Song by Eric Clapton

from the album Slowhand
- Released: November 25, 1977
- Length: 8:45
- Label: RSO
- Songwriters: Eric Clapton, Marcy Levy
- Producer: Glyn Johns

= The Core (song) =

1977 song by Eric Clapton

"The Core" is a song written by Eric Clapton and Marcy Levy that was first released on Clapton's 1977 album Slowhand.

==Music and lyrics==
"The Core" is a long up-tempo song, clocking in at nearly 9 minutes long. Clapton and Levy sing the vocals as a duet. It is propelled by a "driving" guitar riff and includes a saxophone solo played by Mel Collins. Something Else! critic S. Victor Aaron described the riff as "gritty". Rolling Stone critic John Swenson described the song as having a "boogie rhythm reminiscent of Derek and the Dominoes." Potomac News critic Bren Bailey said that the song "allows Clapton and his band to explore just about every vocal and instrumental blues experience known to man, and then some."

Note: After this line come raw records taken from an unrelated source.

lemma resolvent_power_minus_projection:
  assumes "0 < \<alpha>" "0 < \<tau>" "j \<in> S"
  shows "(vnorm S (\<lambda>i. \<tau> powr (2 * \<alpha>) * mat_powr S (\<lambda>i j. M i j + (if i = j then \<tau>\<^sup>2 else 0)) (- \<alpha>) i j
            - (\<Sum>k\<in>T. v k j * v k i)))\<^sup>2 \<le> \<theta> powr (- 2 * \<alpha>) * \<tau> powr (4 * \<alpha>)"
proof -
  define A where "A i j = M i j + (if i = j then \<tau>\<^sup>2 else 0)" for i j
  have "\<forall>i\<in>S. \<forall>j\<in>S. A i j = A j i" using symmetric unfolding A_def by auto
  then obtain U lam where sd: "spectral_decomp S A U lam"
    and powr: "\<And>i j. i \<in> S \<Longrightarrow> j \<in> S \<Longrightarrow>
      mat_powr S A (- \<alpha>) i j = (\<Sum>m\<in>S. lam m powr (- \<alpha>) * U i m * U j m)"
    using mat_powr_spectral[OF finite_S, where s = "- \<alpha>"] by blast
  define u where "u m i = U i m" for m i
  define \<mu> where "\<mu> m = lam m - \<tau>\<^sup>2" for m
  have onb: "orthonormal_on S S u" unfolding u_def by (rule spectral_decomp_orthonormal[OF sd])
  have dichotomy: "(\<mu> m = 0 \<and> (\<forall>i\<in>S. orth_proj S T v (u m) i = u m i))
      \<or> (\<theta> \<le> \<mu> m \<and> (\<forall>i\<in>S. orth_proj S T v (u m) i = 0))" if "m \<in> S" for m
    using shifted_eigenvector_dichotomy[OF sd[unfolded A_def] that] unfolding u_def \<mu>_def .
  define g where "g m = \<tau> powr (2 * \<alpha>) * (\<mu> m + \<tau>\<^sup>2) powr (- \<alpha>) - (if \<mu> m = 0 then 1 else 0)" for m
  define G where "G = \<tau> powr (2 * \<alpha>) * \<theta> powr (- \<alpha>)"
  have column: "\<tau> powr (2 * \<alpha>) * mat_powr S A (- \<alpha>) i j - (\<Sum>k\<in>T. v k j * v k i)
      = (\<Sum>m\<in>S. (g m * u m j) * u m i)" if "i \<in> S" for i
  proof -
    have "(\<Sum>k\<in>T. v k j * v k i) = (\<Sum>m\<in>S. u m j * orth_proj S T v (u m) i)"
      by (rule sum_outer_eq_orth_proj_basis[OF finite_S onb assms(3)])
    also have "\<dots> = (\<Sum>m\<in>S. u m j * (if \<mu> m = 0 then u m i else 0))"
    proof (intro sum.cong refl)
      fix m assume "m \<in> S"
      show "u m j * orth_proj S T v (u m) i = u m j * (if \<mu> m = 0 then u m i else 0)"
        using dichotomy[OF \<open>m \<in> S\<close>] \<open>i \<in> S\<close> gap_pos by auto
    qed
    finally have proj: "(\<Sum>k\<in>T. v k j * v k i) = \<dots>" .
    have "\<tau> powr (2 * \<alpha>) * mat_powr S A (- \<alpha>) i j
        = (\<Sum>m\<in>S. \<tau> powr (2 * \<alpha>) * (\<mu> m + \<tau>\<^sup>2) powr (- \<alpha>) * u m j * u m i)"
      using powr[OF that assms(3)] unfolding u_def \<mu>_def by (simp add: sum_distrib_left mult_ac)
    then have "\<tau> powr (2 * \<alpha>) * mat_powr S A (- \<alpha>) i j - (\<Sum>k\<in>T. v k j * v k i)
        = (\<Sum>m\<in>S. \<tau> powr (2 * \<alpha>) * (\<mu> m + \<tau>\<^sup>2) powr (- \<alpha>) * u m j * u m i
            - u m j * (if \<mu> m = 0 then u m i else 0))"
      unfolding proj sum_subtractf by simp
    also have "\<dots> = (\<Sum>m\<in>S. (g m * u m j) * u m i)"
      unfolding g_def by (intro sum.cong) (auto simp: algebra_simps)
    finally show ?thesis .
  qed
  have "(vnorm S (\<lambda>i. \<tau> powr (2 * \<alpha>) * mat_powr S A (- \<alpha>) i j - (\<Sum>k\<in>T. v k j * v k i)))\<^sup>2
      = vinner S (\<lambda>i. \<Sum>m\<in>S. (g m * u m j) * u m i) (\<lambda>i. \<Sum>m\<in>S. (g m * u m j) * u m i)"
    unfolding vnorm_power2 using column by (intro vinner_cong) auto
  also have "\<dots> \<le> G\<^sup>2"
  proof (rule vinner_self_spectral_column_le[OF finite_S onb assms(3)])
    fix m assume "m \<in> S"
    show "\<bar>g m\<bar> \<le> G"
      unfolding g_def G_def using dichotomy[OF \<open>m \<in> S\<close>] gap_pos assms(1,2)
      by (intro resolvent_power_scalar_bound) auto
  qed
  also have "G\<^sup>2 = \<theta> powr (- 2 * \<alpha>) * \<tau> powr (4 * \<alpha>)"
    unfolding G_def by (simp add: power2_eq_square powr_add[symmetric] mult_ac)
  finally show ?thesis unfolding A_def .
qed

end

section \<open>Consecutive blocks\<close>

definition block :: "(nat \<Rightarrow> nat) \<Rightarrow> nat \<Rightarrow> nat set" where
  "block b k = {b (k - 1) + 1 .. b k}"

lemma block_bound_mono:
  fixes b :: "nat \<Rightarrow> nat"
  assumes "\<forall>k\<in>{1..K}. b (k - 1) < b k" "m \<le> n" "n \<le> K"
  shows "b m \<le> b n"
  using assms(2)
proof (induction rule: dec_induct)
  case (step i)
  have "Suc i \<in> {1..K}" using step.hyps(2) assms(3) by simp
  then have "b i < b (Suc i)" using assms(1) by fastforce
  then show ?case using step.IH by simp
qed simp

lemma block_last_mem:
  assumes "\<forall>k\<in>{1..K}. b (k - 1) < b k" "k \<in> {1..K}"
  shows "b k \<in> block b k"
proof -
  have "b (k - 1) < b k" using assms by blast
  then show ?thesis unfolding block_def by simp
qed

The lyrics of "The Core" are about "self-motivation in times of difficulty" and is one of several Clapton songs that convey a message of faith. Music hournalist Andrew Gerdner called out the line "I can burn without fuel" as providing an image of empowerment. He also felt that the line "You are young and you are free, but damned if you're deceased in your own lifetime" is "a message of encouragement for hard times reminding you not to take life for granted." On the other hand, The Morning Call critic Len Righi described the lyrics as "throwaway".

==Reception==
Globe and Mail critic Brad Wheeler praised "The Core" as the "freshest thing" on Slowhand and as the album's "biggest, boogiest cut", with "solos (guitar and saxophone) flying crossfire-hurricane wild." He also praised Levy's singing and the organ playing. Tulsa World critic Vern Stefanic described "The Core" as a hard driving number" that couild become a rock music classic in the "Layla" vein. Swenson described the song as "powerhouse Clapton caught in a glimpse of white hot frenzy." Swenson particularly praised Collins' "searing" saxophone break and Clapton's "lightning" guitar solo, which he claimed "sounds more like his classic run on 'Crossroads' than anything he's done since. Aaron praised Clapton's guitar playing and his interplay with Collins' saxophone. He concluded that "riffed-based jamming so often goes nowhere, but 'The Core' is jamming with soul and purpose." Music critic Marc Robery also praised Clapton's guitar and the interplay with Collins' saxophone, as well as Levy's vocal performance. Robery concluded that "The whole band cooks on this one." St. Joseph News-Press critic Terry Jordan said that "Clapton gets his point across with mesmerizing riffs, yet never lets the performance get out of hand." Gardner praised the "recognizable" riff. On the other hand, Muskegon Chronicle writer Nancy Kuharevicz found the song "tiresome" due to its length.

A live version of "The Core" was included on Clapton's live album Crossroads 2: Live in the Seventies.

==Cover versions==
"The Core" was covered by Shannon Curfman (in a duet with Joe Bonamassa) on her 2010 album What You're Getting Into.